== Task details ==
Check each line below for the word "flip", and copy those that have it.

▽

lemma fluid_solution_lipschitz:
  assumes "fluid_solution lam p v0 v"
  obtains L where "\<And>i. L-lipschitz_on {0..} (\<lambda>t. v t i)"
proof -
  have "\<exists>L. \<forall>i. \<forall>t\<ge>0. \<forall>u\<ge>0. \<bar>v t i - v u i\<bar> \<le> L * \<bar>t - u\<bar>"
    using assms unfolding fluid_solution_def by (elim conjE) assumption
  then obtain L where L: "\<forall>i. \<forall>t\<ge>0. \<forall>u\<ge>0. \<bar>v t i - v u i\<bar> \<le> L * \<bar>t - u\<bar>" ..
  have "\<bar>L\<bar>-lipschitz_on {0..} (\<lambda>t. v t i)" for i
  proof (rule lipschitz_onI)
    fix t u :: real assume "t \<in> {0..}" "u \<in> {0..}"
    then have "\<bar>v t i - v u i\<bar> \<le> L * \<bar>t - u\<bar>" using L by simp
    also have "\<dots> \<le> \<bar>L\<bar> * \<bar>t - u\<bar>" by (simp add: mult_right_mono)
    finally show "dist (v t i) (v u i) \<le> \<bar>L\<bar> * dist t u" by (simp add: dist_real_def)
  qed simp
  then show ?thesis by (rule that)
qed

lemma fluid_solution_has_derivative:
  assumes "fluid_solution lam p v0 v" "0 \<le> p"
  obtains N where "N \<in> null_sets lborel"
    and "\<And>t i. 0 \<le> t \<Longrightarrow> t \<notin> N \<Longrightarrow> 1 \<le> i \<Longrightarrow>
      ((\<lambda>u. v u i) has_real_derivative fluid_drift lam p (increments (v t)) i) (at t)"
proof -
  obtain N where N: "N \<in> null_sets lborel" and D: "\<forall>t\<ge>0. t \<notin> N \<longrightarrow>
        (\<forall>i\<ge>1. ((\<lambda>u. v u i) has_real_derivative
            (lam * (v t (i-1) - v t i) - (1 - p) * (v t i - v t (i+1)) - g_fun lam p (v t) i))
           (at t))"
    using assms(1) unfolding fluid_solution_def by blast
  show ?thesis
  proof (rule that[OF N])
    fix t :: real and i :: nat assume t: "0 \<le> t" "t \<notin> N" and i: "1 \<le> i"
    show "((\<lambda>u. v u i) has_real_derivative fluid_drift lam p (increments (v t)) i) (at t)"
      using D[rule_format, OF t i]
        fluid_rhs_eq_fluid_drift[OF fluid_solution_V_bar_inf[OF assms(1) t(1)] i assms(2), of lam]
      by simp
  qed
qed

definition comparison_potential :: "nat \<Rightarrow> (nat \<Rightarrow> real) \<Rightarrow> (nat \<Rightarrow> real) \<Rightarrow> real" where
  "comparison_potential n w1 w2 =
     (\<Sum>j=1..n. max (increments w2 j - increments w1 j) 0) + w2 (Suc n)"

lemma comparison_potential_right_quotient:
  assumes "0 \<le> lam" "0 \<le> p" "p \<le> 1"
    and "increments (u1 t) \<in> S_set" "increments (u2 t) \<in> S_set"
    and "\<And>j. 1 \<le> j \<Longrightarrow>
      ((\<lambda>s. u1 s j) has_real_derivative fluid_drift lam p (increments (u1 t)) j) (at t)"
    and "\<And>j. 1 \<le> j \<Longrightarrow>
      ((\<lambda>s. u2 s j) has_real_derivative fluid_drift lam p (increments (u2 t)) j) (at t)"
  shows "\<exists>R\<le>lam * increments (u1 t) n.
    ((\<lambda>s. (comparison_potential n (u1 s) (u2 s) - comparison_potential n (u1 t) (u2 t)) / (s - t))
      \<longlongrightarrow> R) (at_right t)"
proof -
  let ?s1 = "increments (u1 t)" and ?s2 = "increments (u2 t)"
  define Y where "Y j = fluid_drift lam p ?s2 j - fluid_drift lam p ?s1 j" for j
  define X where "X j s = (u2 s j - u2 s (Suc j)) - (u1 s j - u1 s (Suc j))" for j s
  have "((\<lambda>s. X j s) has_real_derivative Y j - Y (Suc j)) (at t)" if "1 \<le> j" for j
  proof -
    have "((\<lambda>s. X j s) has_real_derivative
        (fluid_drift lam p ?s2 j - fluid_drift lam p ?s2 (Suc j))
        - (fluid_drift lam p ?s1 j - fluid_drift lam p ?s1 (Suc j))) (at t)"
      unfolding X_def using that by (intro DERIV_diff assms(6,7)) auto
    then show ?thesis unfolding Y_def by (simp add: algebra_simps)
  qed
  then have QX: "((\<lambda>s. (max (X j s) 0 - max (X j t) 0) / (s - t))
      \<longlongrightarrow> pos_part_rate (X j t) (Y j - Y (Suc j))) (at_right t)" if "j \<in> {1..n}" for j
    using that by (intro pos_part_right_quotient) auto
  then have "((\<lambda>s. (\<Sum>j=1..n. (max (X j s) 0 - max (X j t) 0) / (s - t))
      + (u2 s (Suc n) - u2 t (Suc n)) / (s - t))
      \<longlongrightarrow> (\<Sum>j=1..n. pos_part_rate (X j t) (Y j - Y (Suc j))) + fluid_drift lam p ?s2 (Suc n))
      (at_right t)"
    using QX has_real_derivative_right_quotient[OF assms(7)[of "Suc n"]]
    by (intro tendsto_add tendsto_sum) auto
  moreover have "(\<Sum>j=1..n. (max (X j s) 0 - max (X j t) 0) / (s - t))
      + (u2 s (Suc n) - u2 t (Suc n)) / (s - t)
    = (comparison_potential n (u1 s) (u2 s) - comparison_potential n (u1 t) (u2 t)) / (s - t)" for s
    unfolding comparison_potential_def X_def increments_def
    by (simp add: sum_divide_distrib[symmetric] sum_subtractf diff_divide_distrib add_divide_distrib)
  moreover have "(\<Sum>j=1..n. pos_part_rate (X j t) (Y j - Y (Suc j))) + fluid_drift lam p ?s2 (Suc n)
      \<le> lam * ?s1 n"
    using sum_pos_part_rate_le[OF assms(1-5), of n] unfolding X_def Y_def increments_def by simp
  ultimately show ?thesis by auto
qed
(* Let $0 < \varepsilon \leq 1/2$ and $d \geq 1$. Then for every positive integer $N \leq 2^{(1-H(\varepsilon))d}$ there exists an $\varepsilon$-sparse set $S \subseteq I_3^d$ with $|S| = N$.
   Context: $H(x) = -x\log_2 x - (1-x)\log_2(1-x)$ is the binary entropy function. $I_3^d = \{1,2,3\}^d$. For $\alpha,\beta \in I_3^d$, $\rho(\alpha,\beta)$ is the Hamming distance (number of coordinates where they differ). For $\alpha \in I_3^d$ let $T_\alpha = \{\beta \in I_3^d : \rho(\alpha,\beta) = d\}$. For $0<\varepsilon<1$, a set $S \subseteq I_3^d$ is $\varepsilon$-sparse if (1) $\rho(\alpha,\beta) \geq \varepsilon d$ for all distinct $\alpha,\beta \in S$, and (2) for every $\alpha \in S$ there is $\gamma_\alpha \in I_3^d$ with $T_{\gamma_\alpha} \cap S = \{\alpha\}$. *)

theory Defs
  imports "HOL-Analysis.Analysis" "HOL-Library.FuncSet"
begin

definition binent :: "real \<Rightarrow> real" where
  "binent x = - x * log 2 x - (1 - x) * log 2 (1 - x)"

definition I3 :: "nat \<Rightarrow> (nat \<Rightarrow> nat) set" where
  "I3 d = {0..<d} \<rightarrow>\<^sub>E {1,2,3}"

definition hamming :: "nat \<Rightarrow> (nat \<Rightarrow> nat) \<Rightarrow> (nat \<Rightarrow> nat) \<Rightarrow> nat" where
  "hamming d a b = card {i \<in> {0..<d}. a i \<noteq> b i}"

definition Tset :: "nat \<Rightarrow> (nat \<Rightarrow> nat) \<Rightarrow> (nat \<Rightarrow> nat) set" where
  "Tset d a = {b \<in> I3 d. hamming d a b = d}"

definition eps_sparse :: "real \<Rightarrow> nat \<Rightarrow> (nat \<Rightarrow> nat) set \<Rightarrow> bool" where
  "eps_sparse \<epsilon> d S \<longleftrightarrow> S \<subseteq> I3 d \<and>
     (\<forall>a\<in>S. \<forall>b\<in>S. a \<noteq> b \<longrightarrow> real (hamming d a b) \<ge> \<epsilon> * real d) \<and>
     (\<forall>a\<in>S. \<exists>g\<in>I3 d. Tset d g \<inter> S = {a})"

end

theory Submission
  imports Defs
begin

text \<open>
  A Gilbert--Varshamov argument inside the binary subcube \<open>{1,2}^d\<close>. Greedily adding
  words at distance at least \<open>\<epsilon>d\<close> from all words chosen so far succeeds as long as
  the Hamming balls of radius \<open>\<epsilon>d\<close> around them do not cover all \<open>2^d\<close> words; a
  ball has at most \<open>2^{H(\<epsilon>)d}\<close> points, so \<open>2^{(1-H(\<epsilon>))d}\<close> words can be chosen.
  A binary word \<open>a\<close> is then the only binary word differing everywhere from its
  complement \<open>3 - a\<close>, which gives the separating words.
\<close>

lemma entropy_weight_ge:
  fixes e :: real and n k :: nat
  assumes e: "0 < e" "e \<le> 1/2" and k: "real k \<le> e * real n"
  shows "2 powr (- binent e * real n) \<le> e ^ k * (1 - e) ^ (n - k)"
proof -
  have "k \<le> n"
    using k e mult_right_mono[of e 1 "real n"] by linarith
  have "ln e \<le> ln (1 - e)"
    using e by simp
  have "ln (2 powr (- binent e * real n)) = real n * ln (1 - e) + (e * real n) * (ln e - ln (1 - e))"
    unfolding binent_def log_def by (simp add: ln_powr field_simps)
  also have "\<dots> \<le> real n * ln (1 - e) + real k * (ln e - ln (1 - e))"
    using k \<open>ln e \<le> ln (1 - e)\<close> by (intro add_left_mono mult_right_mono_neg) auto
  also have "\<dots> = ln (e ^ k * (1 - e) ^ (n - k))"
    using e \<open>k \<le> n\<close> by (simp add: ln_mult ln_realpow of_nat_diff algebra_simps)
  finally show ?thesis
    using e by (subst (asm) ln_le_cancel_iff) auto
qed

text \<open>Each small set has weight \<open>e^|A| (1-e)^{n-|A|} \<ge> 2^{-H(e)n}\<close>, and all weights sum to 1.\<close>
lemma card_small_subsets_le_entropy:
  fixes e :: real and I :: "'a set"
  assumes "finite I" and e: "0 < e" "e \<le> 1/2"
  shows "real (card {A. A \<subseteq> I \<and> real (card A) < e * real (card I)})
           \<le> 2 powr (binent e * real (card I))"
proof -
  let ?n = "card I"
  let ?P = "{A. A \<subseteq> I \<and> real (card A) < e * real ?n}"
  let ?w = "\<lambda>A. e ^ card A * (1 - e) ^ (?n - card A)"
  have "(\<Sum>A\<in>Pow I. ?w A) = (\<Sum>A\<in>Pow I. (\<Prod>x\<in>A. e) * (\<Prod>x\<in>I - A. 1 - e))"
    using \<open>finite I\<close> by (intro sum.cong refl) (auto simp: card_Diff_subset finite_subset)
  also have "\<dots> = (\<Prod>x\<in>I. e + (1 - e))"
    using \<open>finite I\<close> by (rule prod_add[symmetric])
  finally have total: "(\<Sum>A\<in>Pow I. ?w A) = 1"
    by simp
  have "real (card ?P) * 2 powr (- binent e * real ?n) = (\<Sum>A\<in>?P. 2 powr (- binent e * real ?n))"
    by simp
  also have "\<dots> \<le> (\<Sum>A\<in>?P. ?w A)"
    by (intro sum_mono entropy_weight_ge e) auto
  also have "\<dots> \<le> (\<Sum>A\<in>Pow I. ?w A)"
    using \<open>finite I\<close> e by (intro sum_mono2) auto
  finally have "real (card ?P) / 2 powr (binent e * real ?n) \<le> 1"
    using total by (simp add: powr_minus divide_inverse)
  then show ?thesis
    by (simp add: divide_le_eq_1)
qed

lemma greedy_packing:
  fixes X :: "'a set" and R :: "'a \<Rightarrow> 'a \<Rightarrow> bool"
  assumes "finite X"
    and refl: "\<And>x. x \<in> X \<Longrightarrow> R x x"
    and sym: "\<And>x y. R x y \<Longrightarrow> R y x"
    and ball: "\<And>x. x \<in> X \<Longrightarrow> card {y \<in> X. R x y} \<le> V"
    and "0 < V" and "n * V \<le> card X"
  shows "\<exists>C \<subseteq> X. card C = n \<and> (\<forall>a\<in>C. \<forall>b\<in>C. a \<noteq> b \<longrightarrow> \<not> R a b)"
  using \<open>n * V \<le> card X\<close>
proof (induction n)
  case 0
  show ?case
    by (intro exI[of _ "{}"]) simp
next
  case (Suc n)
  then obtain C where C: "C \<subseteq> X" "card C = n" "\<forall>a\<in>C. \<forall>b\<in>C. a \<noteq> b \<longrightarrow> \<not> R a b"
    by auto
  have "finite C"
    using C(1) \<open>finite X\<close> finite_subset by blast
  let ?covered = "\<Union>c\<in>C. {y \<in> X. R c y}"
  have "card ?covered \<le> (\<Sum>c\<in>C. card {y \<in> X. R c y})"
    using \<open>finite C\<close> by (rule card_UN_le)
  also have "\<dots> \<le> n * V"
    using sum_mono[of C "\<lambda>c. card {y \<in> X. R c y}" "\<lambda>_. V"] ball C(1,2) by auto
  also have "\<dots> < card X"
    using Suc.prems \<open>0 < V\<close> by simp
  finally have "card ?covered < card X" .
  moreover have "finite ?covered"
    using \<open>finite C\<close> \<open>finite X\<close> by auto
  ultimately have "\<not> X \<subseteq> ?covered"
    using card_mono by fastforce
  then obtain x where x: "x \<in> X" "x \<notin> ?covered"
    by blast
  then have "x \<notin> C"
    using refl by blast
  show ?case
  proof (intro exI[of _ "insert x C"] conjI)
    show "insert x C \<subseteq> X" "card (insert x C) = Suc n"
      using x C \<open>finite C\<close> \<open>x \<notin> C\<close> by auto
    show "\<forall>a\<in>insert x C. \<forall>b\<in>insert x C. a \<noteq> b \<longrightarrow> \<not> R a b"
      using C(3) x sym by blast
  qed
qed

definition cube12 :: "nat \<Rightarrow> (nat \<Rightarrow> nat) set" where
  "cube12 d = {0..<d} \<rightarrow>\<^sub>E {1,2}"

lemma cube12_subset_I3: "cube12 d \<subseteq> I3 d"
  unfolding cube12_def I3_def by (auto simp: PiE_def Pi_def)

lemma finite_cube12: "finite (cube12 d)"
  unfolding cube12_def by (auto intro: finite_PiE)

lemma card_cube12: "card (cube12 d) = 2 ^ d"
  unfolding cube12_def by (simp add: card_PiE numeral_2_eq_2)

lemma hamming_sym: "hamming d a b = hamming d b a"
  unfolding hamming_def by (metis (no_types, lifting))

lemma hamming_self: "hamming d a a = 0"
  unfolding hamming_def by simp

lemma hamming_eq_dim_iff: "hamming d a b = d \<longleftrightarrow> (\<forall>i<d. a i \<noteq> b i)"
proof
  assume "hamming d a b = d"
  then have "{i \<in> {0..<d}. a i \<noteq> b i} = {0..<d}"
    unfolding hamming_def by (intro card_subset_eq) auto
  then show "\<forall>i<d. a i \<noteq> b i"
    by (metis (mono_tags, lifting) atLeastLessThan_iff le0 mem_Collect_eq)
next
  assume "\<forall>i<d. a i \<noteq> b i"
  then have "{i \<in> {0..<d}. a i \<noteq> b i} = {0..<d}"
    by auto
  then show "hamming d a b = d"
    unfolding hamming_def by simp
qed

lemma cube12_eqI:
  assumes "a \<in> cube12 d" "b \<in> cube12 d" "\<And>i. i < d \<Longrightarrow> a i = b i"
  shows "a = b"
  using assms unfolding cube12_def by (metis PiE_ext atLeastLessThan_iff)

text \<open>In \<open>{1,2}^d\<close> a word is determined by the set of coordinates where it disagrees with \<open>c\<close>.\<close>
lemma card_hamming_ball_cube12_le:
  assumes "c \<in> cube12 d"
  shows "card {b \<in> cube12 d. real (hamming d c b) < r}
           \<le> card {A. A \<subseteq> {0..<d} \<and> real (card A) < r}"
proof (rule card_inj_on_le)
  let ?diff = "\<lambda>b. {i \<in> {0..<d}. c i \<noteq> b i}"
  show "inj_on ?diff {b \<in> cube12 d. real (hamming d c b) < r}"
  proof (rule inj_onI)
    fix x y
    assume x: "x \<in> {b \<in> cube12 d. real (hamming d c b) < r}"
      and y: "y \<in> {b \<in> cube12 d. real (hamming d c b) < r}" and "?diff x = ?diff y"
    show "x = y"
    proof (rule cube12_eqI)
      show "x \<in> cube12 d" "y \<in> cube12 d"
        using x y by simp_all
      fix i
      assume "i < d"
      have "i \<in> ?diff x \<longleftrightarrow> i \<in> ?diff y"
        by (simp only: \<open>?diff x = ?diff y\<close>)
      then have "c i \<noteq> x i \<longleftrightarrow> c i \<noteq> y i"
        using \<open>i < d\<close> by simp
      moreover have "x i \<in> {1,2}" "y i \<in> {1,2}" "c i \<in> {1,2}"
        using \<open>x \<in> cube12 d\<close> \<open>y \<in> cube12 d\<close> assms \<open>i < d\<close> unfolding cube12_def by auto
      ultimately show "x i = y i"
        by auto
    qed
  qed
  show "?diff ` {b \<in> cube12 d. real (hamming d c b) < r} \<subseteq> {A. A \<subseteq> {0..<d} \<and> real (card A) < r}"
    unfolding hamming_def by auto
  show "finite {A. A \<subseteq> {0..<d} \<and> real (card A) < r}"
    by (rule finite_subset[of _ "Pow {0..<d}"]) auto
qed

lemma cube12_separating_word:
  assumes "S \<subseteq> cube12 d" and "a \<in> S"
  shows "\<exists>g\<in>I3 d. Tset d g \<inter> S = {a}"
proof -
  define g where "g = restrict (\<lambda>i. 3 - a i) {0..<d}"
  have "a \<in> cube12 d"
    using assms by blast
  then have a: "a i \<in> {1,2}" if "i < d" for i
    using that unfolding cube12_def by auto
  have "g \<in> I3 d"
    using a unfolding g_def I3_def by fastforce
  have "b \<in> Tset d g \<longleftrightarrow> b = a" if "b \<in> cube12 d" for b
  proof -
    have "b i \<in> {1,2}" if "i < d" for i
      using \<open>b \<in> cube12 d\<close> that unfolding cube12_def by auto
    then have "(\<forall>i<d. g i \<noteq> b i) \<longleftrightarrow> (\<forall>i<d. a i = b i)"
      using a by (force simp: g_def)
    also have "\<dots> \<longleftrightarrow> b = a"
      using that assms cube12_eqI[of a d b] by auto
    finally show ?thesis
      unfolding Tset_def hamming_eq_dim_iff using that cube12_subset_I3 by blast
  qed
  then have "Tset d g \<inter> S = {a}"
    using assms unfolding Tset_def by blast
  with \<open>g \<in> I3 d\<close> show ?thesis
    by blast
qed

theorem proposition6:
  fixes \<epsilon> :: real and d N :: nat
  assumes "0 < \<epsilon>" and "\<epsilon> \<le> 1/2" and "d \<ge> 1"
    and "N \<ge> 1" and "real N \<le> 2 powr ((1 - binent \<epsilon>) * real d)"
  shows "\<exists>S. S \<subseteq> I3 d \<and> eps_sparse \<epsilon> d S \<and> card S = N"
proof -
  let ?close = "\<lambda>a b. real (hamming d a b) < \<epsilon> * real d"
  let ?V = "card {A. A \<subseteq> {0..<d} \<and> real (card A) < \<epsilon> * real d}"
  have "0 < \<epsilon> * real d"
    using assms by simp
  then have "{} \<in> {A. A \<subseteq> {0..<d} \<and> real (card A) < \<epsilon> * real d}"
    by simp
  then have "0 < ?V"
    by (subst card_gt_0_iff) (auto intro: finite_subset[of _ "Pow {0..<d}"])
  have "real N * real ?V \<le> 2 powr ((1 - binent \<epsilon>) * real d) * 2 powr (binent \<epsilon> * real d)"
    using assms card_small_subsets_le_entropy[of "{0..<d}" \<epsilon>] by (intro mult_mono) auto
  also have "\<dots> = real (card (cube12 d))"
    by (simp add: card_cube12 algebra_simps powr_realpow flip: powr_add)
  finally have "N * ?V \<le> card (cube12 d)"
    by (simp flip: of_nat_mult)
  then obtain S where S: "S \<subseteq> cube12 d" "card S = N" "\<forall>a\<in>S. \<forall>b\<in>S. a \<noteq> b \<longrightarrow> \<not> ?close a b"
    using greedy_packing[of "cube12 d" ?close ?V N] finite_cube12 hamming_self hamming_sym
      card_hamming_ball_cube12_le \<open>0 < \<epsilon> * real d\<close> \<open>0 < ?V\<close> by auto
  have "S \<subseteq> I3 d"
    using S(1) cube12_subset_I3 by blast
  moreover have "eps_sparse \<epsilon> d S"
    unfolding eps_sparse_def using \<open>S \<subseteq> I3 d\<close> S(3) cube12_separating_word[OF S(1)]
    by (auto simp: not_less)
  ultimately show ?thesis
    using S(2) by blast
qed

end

△

== Exercise result ==
    by (simp add: card_cube12 algebra_simps powr_realpow flip: powr_add)
    by (simp flip: of_nat_mult)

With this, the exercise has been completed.